### Work instruction:
Below are entries; output exactly the lines from the one with "then obtain a" to the one with "z z' by auto", both included, and nothing else.

### Collected data entries:
lemma klein_param_orbit:
  "klein_param ((-1) powi N * x + of_int m, y + of_int N) = (if even N then 1 else -1) *\<^sub>R klein_param (x, y)"
proof -
  have shift: "sin (t + 2 * pi * of_int k) = sin t" "cos (t + 2 * pi * of_int k) = cos t" for t k
    using sin_cos_eq_iff[of "t + 2 * pi * of_int k" t] by auto
  show ?thesis
  proof (cases "even N")
    case True
    then obtain K where K: "N = 2 * K" by (auto elim: evenE)
    have sign: "(-1::real) powi N * x = x" using True by (simp add: powi_minus_one)
    have t: "pi * (y + of_int N) = pi * y + 2 * pi * of_int K" unfolding K by (simp add: algebra_simps)
    have s: "2 * pi * (x + of_int m) = 2 * pi * x + 2 * pi * of_int m" by (simp add: algebra_simps)
    show ?thesis
      using True unfolding klein_param_def fst_conv snd_conv sign t s shift by simp
  next
    case False
    then obtain K where K: "N = 2 * K + 1" by (auto elim: oddE)
    have sign: "(-1::real) powi N * x = - x" using False by (simp add: powi_minus_one)
    have t: "pi * (y + of_int N) = (pi * y + pi) + 2 * pi * of_int K" unfolding K by (simp add: algebra_simps)
    have s: "2 * pi * (- x + of_int m) = - (2 * pi * x) + 2 * pi * of_int m" by (simp add: algebra_simps)
    have "klein_param ((-1) powi N * x + of_int m, y + of_int N) =
        frame_map (cone_param (- cos (pi * y)) (- sin (pi * y)) (- (- sin (2 * pi * x))) (cos (2 * pi * x)))"
      unfolding klein_param_def fst_conv snd_conv sign t s shift by simp
    also have "\<dots> = - klein_param (x, y)"
      unfolding klein_param_def cone_param_uminus using frame_map_scaleR[of "-1"] by simp
    finally show ?thesis using False by simp
  qed
qed

lemma ein_pt_klein_param_eq_iff:
  "ein_pt (klein_param z') = ein_pt (klein_param z) \<longleftrightarrow> z' \<in> klein_orbit z"
proof
  assume "z' \<in> klein_orbit z"
  then obtain m N :: int where "z' = ((-1) powi N * fst z + of_int m, snd z + of_int N)"
    unfolding klein_orbit_def by auto
  then show "ein_pt (klein_param z') = ein_pt (klein_param z)"
    using klein_param_orbit[of N "fst z" m "snd z"] ein_pt_scaleR by simp
next
  obtain x y x' y' where z: "z = (x, y)" and z': "z' = (x', y')" by fastforce
  assume "ein_pt (klein_param z') = ein_pt (klein_param z)"
  then obtain a where "klein_param (x', y') = a *\<^sub>R klein_param (x, y)"
    using ein_pt_eq_iff[of "klein_param (x, y)" "klein_param (x', y')"] unfolding z z' by auto
  then have "cone_param (cos (pi * y')) (sin (pi * y')) (- sin (2 * pi * x')) (cos (2 * pi * x')) =
             a *\<^sub>R cone_param (cos (pi * y)) (sin (pi * y)) (- sin (2 * pi * x)) (cos (2 * pi * x))"
    using inj_frame_map unfolding klein_param_def frame_map_scaleR[symmetric] by (auto simp: inj_eq)
  from cone_param_eq_scaleR[OF _ _ _ _ this]
  have "(a = 1 \<and> cos (pi * y') = cos (pi * y) \<and> sin (pi * y') = sin (pi * y) \<and>
         sin (2 * pi * x') = sin (2 * pi * x) \<and> cos (2 * pi * x') = cos (2 * pi * x)) \<or>
        (a = -1 \<and> cos (pi * y') = - cos (pi * y) \<and> sin (pi * y') = - sin (pi * y) \<and>
         sin (2 * pi * x') = - sin (2 * pi * x) \<and> cos (2 * pi * x') = cos (2 * pi * x))"
    by auto
  then have "(a = 1 \<or> a = -1) \<and> cos (pi * y') = a * cos (pi * y) \<and> sin (pi * y') = a * sin (pi * y) \<and>
      sin (2 * pi * x') = a * sin (2 * pi * x) \<and> cos (2 * pi * x') = cos (2 * pi * x)"
    by auto
  then show "z' \<in> klein_orbit z" unfolding z z' using klein_orbitI_angles by blast
qed
(* Let $\varepsilon\in(0,\frac12]$, let $G$ be an $\varepsilon$-Ramsey-balanced graph, and let $H$ be obtained from $G$ by deleting one vertex. Then $r(G)\leq \frac{4}{\varepsilon}\cdot r(H)$.
   Context: For a graph $F$, the Ramsey number $r(F)$ is the minimum $N$ such that every two-coloring of the edges of $K_N$ contains a monochromatic copy of $F$. The edge density of an $N$-vertex graph is its number of edges divided by $\binom N2$. For $\varepsilon\in(0,\frac12]$, a two-coloring of $E(K_N)$ is $\varepsilon$-balanced if both color classes have edge density at least $\varepsilon$. A Ramsey coloring for $G$ is a two-coloring of $E(K_N)$ with $N=r(G)-1$ containing no monochromatic copy of $G$. The graph $G$ is $\varepsilon$-Ramsey-balanced if there exists a Ramsey coloring for $G$ which is $\varepsilon$-balanced. *)

theory Defs
  imports Complex_Main
begin

definition simple_graph :: "'a set \<Rightarrow> 'a set set \<Rightarrow> bool" where
  "simple_graph V E \<longleftrightarrow> finite V \<and> (\<forall>e\<in>E. e \<subseteq> V \<and> card e = 2)"

definition KN_edges :: "nat \<Rightarrow> nat set set" where
  "KN_edges N = {e. e \<subseteq> {0..<N} \<and> card e = 2}"

definition has_mono_copy :: "nat \<Rightarrow> (nat set \<Rightarrow> bool) \<Rightarrow> 'a set \<Rightarrow> 'a set set \<Rightarrow> bool" where
  "has_mono_copy N c V E \<longleftrightarrow>
     (\<exists>b f. inj_on f V \<and> f ` V \<subseteq> {0..<N} \<and> (\<forall>e\<in>E. c (f ` e) = b))"

definition ramsey_number :: "'a set \<Rightarrow> 'a set set \<Rightarrow> nat" where
  "ramsey_number V E = (LEAST N. \<forall>c. has_mono_copy N c V E)"

definition colour_density :: "nat \<Rightarrow> (nat set \<Rightarrow> bool) \<Rightarrow> bool \<Rightarrow> real" where
  "colour_density N c b = real (card {e \<in> KN_edges N. c e = b}) / real (N choose 2)"

definition eps_balanced :: "real \<Rightarrow> nat \<Rightarrow> (nat set \<Rightarrow> bool) \<Rightarrow> bool" where
  "eps_balanced \<epsilon> N c \<longleftrightarrow> colour_density N c True \<ge> \<epsilon> \<and> colour_density N c False \<ge> \<epsilon>"

definition ramsey_colouring :: "nat \<Rightarrow> (nat set \<Rightarrow> bool) \<Rightarrow> 'a set \<Rightarrow> 'a set set \<Rightarrow> bool" where
  "ramsey_colouring N c V E \<longleftrightarrow> N = ramsey_number V E - 1 \<and> \<not> has_mono_copy N c V E"

definition ramsey_balanced :: "real \<Rightarrow> 'a set \<Rightarrow> 'a set set \<Rightarrow> bool" where
  "ramsey_balanced \<epsilon> V E \<longleftrightarrow>
     (\<exists>c. ramsey_colouring (ramsey_number V E - 1) c V E \<and> eps_balanced \<epsilon> (ramsey_number V E - 1) c)"

definition del_vertex_edges :: "'a set set \<Rightarrow> 'a \<Rightarrow> 'a set set" where
  "del_vertex_edges E v = {e \<in> E. v \<notin> e}"

end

### Expected output:
  then obtain a where "klein_param (x', y') = a *\<^sub>R klein_param (x, y)"
    using ein_pt_eq_iff[of "klein_param (x, y)" "klein_param (x', y')"] unfolding z z' by auto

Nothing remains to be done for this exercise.